### WHAT TO PRODUCE:
For each line below that includes the word "with", make a copy.

Stored items:
(* Let $A,q,\mu$ be as in the context and write $k=k_0(A,q,\mu)$. (i) Let $\phi,\tilde\phi\in\mathcal{C}^2(\mathbb{R}^N)$ be positive periodic functions satisfying $-\nabla\cdot(A\nabla\phi)-q\cdot\nabla\phi-\mu\phi=k\phi$ and $-\nabla\cdot(A\nabla\tilde\phi)+q\cdot\nabla\tilde\phi-(\mu-\nabla\cdot q)\tilde\phi=k\tilde\phi$, with $\int_C\phi\tilde\phi=1$. Then $\alpha=\sqrt{\phi\tilde\phi}$ and $\beta=\frac12\ln(\phi/\tilde\phi)$ belong to $\mathcal{C}^2(\mathbb{R}^N)$ and satisfy \[-\nabla\cdot (A\nabla\alpha) - \Big(\mu-\frac{\nabla\cdot q}{2}+\nabla\beta A\nabla\beta+q\cdot \nabla\beta\Big)\alpha=k\alpha,\qquad -\nabla\cdot \Big( \alpha^2 \big(A\nabla\beta+\frac{q}{2}\big)\Big)=0,\] with $\alpha>0$ periodic and $\beta$ periodic. (ii) Conversely, if $(\alpha,\beta)\in\mathcal{C}^2(\mathbb{R}^N)\times\mathcal{C}^2(\mathbb{R}^N)$ satisfy the two equations in (i) with $\alpha>0$ periodic and $\beta$ periodic, then $\phi=\alpha e^{\beta}$ and $\tilde\phi=\alpha e^{-\beta}$ are positive periodic functions satisfying the two eigenvalue equations in (i).
   Context: Let $(\epsilon_i)$ be an orthonormal basis of $\mathbb{R}^N$ and $L_1,\dots,L_N>0$; a function is periodic if it is invariant under $x\mapsto x+L_i\epsilon_i$ for every $i$; $C=\prod_{i=1}^N(0,L_i)$ is the periodicity cell. Let $A$ be a periodic, symmetric matrix field of class $\mathcal{C}^1$, uniformly elliptic ($\gamma|\xi|^2\le\xi A(x)\xi\le\Gamma|\xi|^2$ for some $0<\gamma\le\Gamma$). Let $q$ be a periodic $\mathcal{C}^1$ vector field and $\mu$ a continuous periodic function. $k_0(A,q,\mu)$ is the periodic principal eigenvalue of $\phi\mapsto-\nabla\cdot(A\nabla\phi)-q\cdot\nabla\phi-\mu\phi$, i.e. the unique real $k$ for which there exists a periodic $\phi\in\mathcal{C}^2(\mathbb{R}^N)$, $\phi>0$, with $-\nabla\cdot(A\nabla\phi)-q\cdot\nabla\phi-\mu\phi=k\phi$. *)

theory Defs
  imports "HOL-Analysis.Analysis"
begin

### YOUR SOLUTION:
(* Let $A,q,\mu$ be as in the context and write $k=k_0(A,q,\mu)$. (i) Let $\phi,\tilde\phi\in\mathcal{C}^2(\mathbb{R}^N)$ be positive periodic functions satisfying $-\nabla\cdot(A\nabla\phi)-q\cdot\nabla\phi-\mu\phi=k\phi$ and $-\nabla\cdot(A\nabla\tilde\phi)+q\cdot\nabla\tilde\phi-(\mu-\nabla\cdot q)\tilde\phi=k\tilde\phi$, with $\int_C\phi\tilde\phi=1$. Then $\alpha=\sqrt{\phi\tilde\phi}$ and $\beta=\frac12\ln(\phi/\tilde\phi)$ belong to $\mathcal{C}^2(\mathbb{R}^N)$ and satisfy \[-\nabla\cdot (A\nabla\alpha) - \Big(\mu-\frac{\nabla\cdot q}{2}+\nabla\beta A\nabla\beta+q\cdot \nabla\beta\Big)\alpha=k\alpha,\qquad -\nabla\cdot \Big( \alpha^2 \big(A\nabla\beta+\frac{q}{2}\big)\Big)=0,\] with $\alpha>0$ periodic and $\beta$ periodic. (ii) Conversely, if $(\alpha,\beta)\in\mathcal{C}^2(\mathbb{R}^N)\times\mathcal{C}^2(\mathbb{R}^N)$ satisfy the two equations in (i) with $\alpha>0$ periodic and $\beta$ periodic, then $\phi=\alpha e^{\beta}$ and $\tilde\phi=\alpha e^{-\beta}$ are positive periodic functions satisfying the two eigenvalue equations in (i).
   Context: Let $(\epsilon_i)$ be an orthonormal basis of $\mathbb{R}^N$ and $L_1,\dots,L_N>0$; a function is periodic if it is invariant under $x\mapsto x+L_i\epsilon_i$ for every $i$; $C=\prod_{i=1}^N(0,L_i)$ is the periodicity cell. Let $A$ be a periodic, symmetric matrix field of class $\mathcal{C}^1$, uniformly elliptic ($\gamma|\xi|^2\le\xi A(x)\xi\le\Gamma|\xi|^2$ for some $0<\gamma\le\Gamma$). Let $q$ be a periodic $\mathcal{C}^1$ vector field and $\mu$ a continuous periodic function. $k_0(A,q,\mu)$ is the periodic principal eigenvalue of $\phi\mapsto-\nabla\cdot(A\nabla\phi)-q\cdot\nabla\phi-\mu\phi$, i.e. the unique real $k$ for which there exists a periodic $\phi\in\mathcal{C}^2(\mathbb{R}^N)$, $\phi>0$, with $-\nabla\cdot(A\nabla\phi)-q\cdot\nabla\phi-\mu\phi=k\phi$. *)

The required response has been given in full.